The heavy oak doors of our private quarters clicked shut, and I immediately felt the mask of the calm Alpha slipping from my face.

I didn't even wait for Caleb to take off his cloak before I rounded on him. Just as he entered, the air in our living area became thick with the scent of jasmine and ozone he had brought back from the greenhouse. It was the scent of our mate, mixed with the electric charge of his lies.

"She knows, Caleb," I hissed, my voice low and dangerous. "She asked you your name. I felt the spike of her heart through the bond all the way from here. You hesitated."

Caleb threw his cloak onto the leather sofa and ran a hand through his hair, looking frustrated. He didn't look at me. He walked over to the window that looked out over the dark valley of Silverfang.

"I had to tell her something, Cassian. She was looking at me like she could see right through my skin. I couldn't just stand there like a statue."

"You told her you were Caleb," I said, stepping into his space. "But last night, I was the one who held her. I was the one who promised her we would protect her. Now she thinks we are a single person who changes personalities like the weather. Or worse, she thinks we are playing a game with her heart."

"We are playing a game, brother," Caleb snapped, finally turning to face me. His golden eyes were bright with a mixture of guilt and obsession.

"We are playing a game with our father, with the council, and with those damn cameras in the walls. If we both visit her, the sensors will pick up two different Alpha signatures in her room. If we switch, the system sees one consistent presence. It's the only way to keep the data from flagging her as a high-value target."

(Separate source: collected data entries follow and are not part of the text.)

lemma lyapunov_accounting_le:
  fixes a a' :: ereal
  assumes step: "a' + ereal s \<le> a + ereal (S + (C - \<mu>) * D + q)"
    and new: "e' = s + c * G" and old: "\<mu> * D0 + c * G0 \<le> e" and "C * D0 \<ge> 0"
  shows "a' + ereal e' \<le> a + ereal e + ereal (S + (q + c * (G - G0)) + (C - \<mu>) * (D + D0))"
proof -
  have "a' + ereal e' = (a' + ereal s) + ereal (c * G)"
    unfolding new by (cases a') simp_all
  also have "\<dots> \<le> (a + ereal (S + (C - \<mu>) * D + q)) + ereal (c * G)"
    using step by (rule add_right_mono)
  also have "\<dots> \<le> a + ereal e + ereal (S + (q + c * (G - G0)) + (C - \<mu>) * (D + D0))"
    using assms(3,4) by (cases a) (simp_all add: algebra_simps)
  finally show ?thesis .
qed

theorem mainTheorem5:
  fixes p d :: nat and n :: "nat \<Rightarrow> nat"
    and f :: "nat \<Rightarrow> real vec \<Rightarrow> ereal" and gfp :: "real vec \<Rightarrow> real vec"
    and A :: "nat \<Rightarrow> real mat" and b :: "real vec"
    and Lp \<alpha> \<beta> \<beta>bar \<theta> :: real and m M :: "nat \<Rightarrow> real"
    and w :: "nat \<Rightarrow> nat \<Rightarrow> real vec \<Rightarrow> real" and gw :: "nat \<Rightarrow> nat \<Rightarrow> real vec \<Rightarrow> real vec"
    and x :: "nat \<Rightarrow> nat \<Rightarrow> real vec" and lam :: "nat \<Rightarrow> real vec"
    and k :: nat
  assumes p2: "p \<ge> 2"
    and A_dim: "\<forall>i\<in>{1..p}. A i \<in> carrier_mat d (n i)"
    and b_dim: "b \<in> carrier_vec d"
    \<comment> \<open>(A0)\<close>
    and A0: "\<forall>i\<in>{1..<p}. proper_on (n i) (f i) \<and> lsc_on (n i) (f i)"
    \<comment> \<open>(A1)\<close>
    and A1_nz: "A p \<noteq> 0\<^sub>m d (n p)"
    and A1_img: "b \<in> img (A p)" "\<forall>i\<in>{1..<p}. img (A i) \<subseteq> img (A p)"
    \<comment> \<open>(A2): f_p real-valued, differentiable, L_p-Lipschitz gradient gfp\<close>
    and A2_fin: "\<forall>y\<in>carrier_vec (n p). \<bar>f p y\<bar> \<noteq> \<infinity>"
    and A2_grad: "\<forall>y\<in>carrier_vec (n p). has_grad (n p) (\<lambda>z. real_of_ereal (f p z)) gfp y"
    and A2_lip: "\<forall>y\<in>carrier_vec (n p). \<forall>z\<in>carrier_vec (n p). vnorm (gfp y - gfp z) \<le> Lp * vnorm (y - z)"
    \<comment> \<open>(A3)\<close>
    and A3: "\<beta>bar \<ge> 0" "vval d p n f A b \<beta>bar > -\<infinity>"
    \<comment> \<open>parameters of NEPJ-ADMM\<close>
    and alpha: "\<alpha> > 0" and beta: "\<beta> \<ge> \<beta>bar" "\<beta> > 0"
    and mM: "\<forall>i\<in>{1..p}. 0 < m i \<and> m i \<le> M i"
    and theta: "0 < \<theta>" "\<theta> < 2"
    and delta_i: "\<forall>i\<in>{1..<p}. m i / 4 - ((real p - 2 + \<alpha>) / 2
          + 2 * gamma_th \<theta> * (real p + 1) / sigma_pos (A p) * (opnorm (transpose_mat (A p)))\<^sup>2)
          * \<beta> * Max ((\<lambda>l. (opnorm (A l))\<^sup>2) ` {1..<p}) > 0"
    and delta_p: "m p / 4 - (\<beta> * (real p - 1) * (opnorm (A p))\<^sup>2 / (2 * \<alpha>)
          + gamma_th \<theta> * (real p + 1) * (Lp\<^sup>2 + 2 * (M p)\<^sup>2) / (\<beta> * sigma_pos (A p))) > 0"
    \<comment> \<open>initial point\<close>
    and x0: "\<forall>i\<in>{1..p}. x 0 i \<in> edom (n i) (f i)"
    and lam0: "lam 0 \<in> carrier_vec d"
    \<comment> \<open>iteration k \<ge> 1: distance generating functions, block updates, multiplier update\<close>
    and w_dgf: "\<forall>j\<ge>1. \<forall>i\<in>{1..p}. dgf (n i) (edom (n i) (f i)) (m i) (M i) (w j i) (gw j i)"
    and x_opt: "\<forall>j\<ge>1. \<forall>i\<in>{1..p}. x j i \<in> carrier_vec (n i) \<and>
          (\<forall>y\<in>carrier_vec (n i).
             augL d p f A b \<beta> ((x (j - 1))(i := x j i)) (lam (j - 1)) + ereal (breg (w j i) (gw j i) (x (j - 1) i) (x j i))
             \<le> augL d p f A b \<beta> ((x (j - 1))(i := y)) (lam (j - 1)) + ereal (breg (w j i) (gw j i) (x (j - 1) i) y))"
    and lam_upd: "\<forall>j\<ge>1. lam j = lam (j - 1) - (\<theta> * \<beta>) \<cdot>\<^sub>v resid d p A b (x j)"
    and k1: "k \<ge> 1"
  shows
    "let c1 = 2 * \<bar>\<theta> - 1\<bar> / (\<beta> * \<theta> * (1 - \<bar>\<theta> - 1\<bar>) * sigma_pos (A p));
         dx = (\<lambda>j i. if j = 0 then (if i = p then (1 / M p) \<cdot>\<^sub>v (transpose_mat (A p) *\<^sub>v lam 0 - gfp (x 0 p))
                                   else 0\<^sub>v (n i))
                     else x j i - x (j - 1) i);
         dl = (\<lambda>j. if j = 0 then 0\<^sub>v d else lam j - lam (j - 1));
         eta = (\<lambda>j. if j = 0 then m p / (4 * (M p)\<^sup>2) * (vnorm (transpose_mat (A p) *\<^sub>v lam 0 - gfp (x 0 p)))\<^sup>2
                    else (\<Sum>i=1..p. m i / 4 * (vnorm (dx j i))\<^sup>2) + c1 / 2 * (vnorm (transpose_mat (A p) *\<^sub>v dl j))\<^sup>2);
         Lhat = (\<lambda>j. augL d p f A b \<beta> (x j) (lam j) + ereal (eta j));
         Theta_lam = 1 / (\<beta> * \<theta>) * (vnorm (dl k))\<^sup>2
            + c1 / 2 * ((vnorm (transpose_mat (A p) *\<^sub>v dl k))\<^sup>2 - (vnorm (transpose_mat (A p) *\<^sub>v dl (k - 1)))\<^sup>2);
         Theta_p = ((real p - 1) * \<beta> * (opnorm (A p))\<^sup>2 / (2 * \<alpha>) - m p / 4)
            * ((vnorm (dx k p))\<^sup>2 + (vnorm (dx (k - 1) p))\<^sup>2)
     in Lhat k \<le> Lhat (k - 1)
          + ereal ((\<Sum>i=1..<p. ((real p - 2 + \<alpha>) * \<beta> * (opnorm (A i))\<^sup>2 / 2 - m i / 4) * (vnorm (dx k i))\<^sup>2)
                   + Theta_lam + Theta_p)"
proof -
  obtain K where k: "k = Suc K"
    using k1 by (cases k) auto
  then have km: "k - 1 = K"
    by simp
  have A: "\<And>i. i \<in> {1..p} \<Longrightarrow> A i \<in> carrier_mat d (n i)"
    using A_dim by blast
  have proper: "f i y \<noteq> -\<infinity>" if "i \<in> {1..p}" and "y \<in> carrier_vec (n i)" for i y
    using A0 A2_fin that by (cases "i = p") (auto simp: proper_on_def)
  define c1 where "c1 = 2 * \<bar>\<theta> - 1\<bar> / (\<beta> * \<theta> * (1 - \<bar>\<theta> - 1\<bar>) * sigma_pos (A p))"
  define dx where "dx = (\<lambda>j i. if j = 0 then (if i = p then (1 / M p) \<cdot>\<^sub>v (transpose_mat (A p) *\<^sub>v lam 0 - gfp (x 0 p))
      else 0\<^sub>v (n i)) else x j i - x (j - 1) i)"
  define dl where "dl = (\<lambda>j. if j = 0 then 0\<^sub>v d else lam j - lam (j - 1))"
  define eta where "eta = (\<lambda>j. if j = 0 then m p / (4 * (M p)\<^sup>2) * (vnorm (transpose_mat (A p) *\<^sub>v lam 0 - gfp (x 0 p)))\<^sup>2
      else (\<Sum>i=1..p. m i / 4 * (vnorm (dx j i))\<^sup>2) + c1 / 2 * (vnorm (transpose_mat (A p) *\<^sub>v dl j))\<^sup>2)"
  define G where "G j = (vnorm (transpose_mat (A p) *\<^sub>v dl j))\<^sup>2" for j
  have eta_prev: "m p / 4 * (vnorm (dx K p))\<^sup>2 + c1 / 2 * G K \<le> eta K"
  proof (cases "K = 0")
    case True
    have "p \<in> {1..p}"
      using p2 by simp
    then have "M p > 0" and "transpose_mat (A p) *\<^sub>v 0\<^sub>v d = 0\<^sub>v (n p)"
      using mM A by force+
    with True show ?thesis
      by (simp add: dx_def dl_def eta_def G_def vnorm_zero_vec vnorm_smult power_mult_distrib power_divide)
  next
    case False
    have "(\<Sum>i=1..<p. m i / 4 * (vnorm (dx K i))\<^sup>2) \<ge> 0"
      using mM by (intro sum_nonneg) (simp add: less_imp_le)
    moreover have "{1..p} = insert p {1..<p}"
      using p2 by auto
    ultimately show ?thesis
      using False by (simp add: eta_def G_def)
  qed
  have "augL d p f A b \<beta> (x k) (lam k) + ereal (eta k) \<le> augL d p f A b \<beta> (x K) (lam K) + ereal (eta K)
      + ereal ((\<Sum>i=1..<p. ((real p - 2 + \<alpha>) * \<beta> * (opnorm (A i))\<^sup>2 / 2 - m i / 4) * (vnorm (dx k i))\<^sup>2)
        + (1 / (\<beta> * \<theta>) * (vnorm (dl k))\<^sup>2 + c1 / 2 * (G k - G K))
        + ((real p - 1) * \<beta> * (opnorm (A p))\<^sup>2 / (2 * \<alpha>) - m p / 4) * ((vnorm (dx k p))\<^sup>2 + (vnorm (dx K p))\<^sup>2))"
  proof (rule lyapunov_accounting_le[OF _ _ eta_prev])
    show "augL d p f A b \<beta> (x k) (lam k) + ereal (\<Sum>i=1..p. m i / 4 * (vnorm (dx k i))\<^sup>2) \<le> augL d p f A b \<beta> (x K) (lam K)
      + ereal ((\<Sum>i=1..<p. ((real p - 2 + \<alpha>) * \<beta> * (opnorm (A i))\<^sup>2 / 2 - m i / 4) * (vnorm (dx k i))\<^sup>2)
        + ((real p - 1) * \<beta> * (opnorm (A p))\<^sup>2 / (2 * \<alpha>) - m p / 4) * (vnorm (dx k p))\<^sup>2
        + 1 / (\<beta> * \<theta>) * (vnorm (dl k))\<^sup>2)"
      using nepj_admm_iterate_le[OF p2 alpha beta(2) theta(1) b_dim A proper x0 lam0 w_dgf x_opt lam_upd, of K]
      by (simp add: k dx_def dl_def)
  qed (use p2 alpha beta in \<open>simp_all add: eta_def G_def k\<close>)
  then show ?thesis
    unfolding Let_def G_def c1_def dx_def dl_def eta_def km .
qed

end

I walked over to the small bar and poured a glass of amber liquid, but I didn't drink it. My hands were shaking. I was addicted to her. I was addicted to the way her skin felt under my fingers and the way she looked at me when she thought I was her only hope. But this deception was starting to feel like a poison.

"I hate it," I admitted, my voice dropping to a whisper. "I hate watching Kevin shove her in the mud while I stand there like a ghost. I hate that you give her gifts while I have to be the one to stay away so the sensors don't get suspicious. We are dividing our souls, Caleb, and she is the one getting caught in the middle."

Caleb walked over and placed a heavy hand on my shoulder. We were identical in almost every way, but in this light, he looked older, more burdened by the weight of our father's expectations.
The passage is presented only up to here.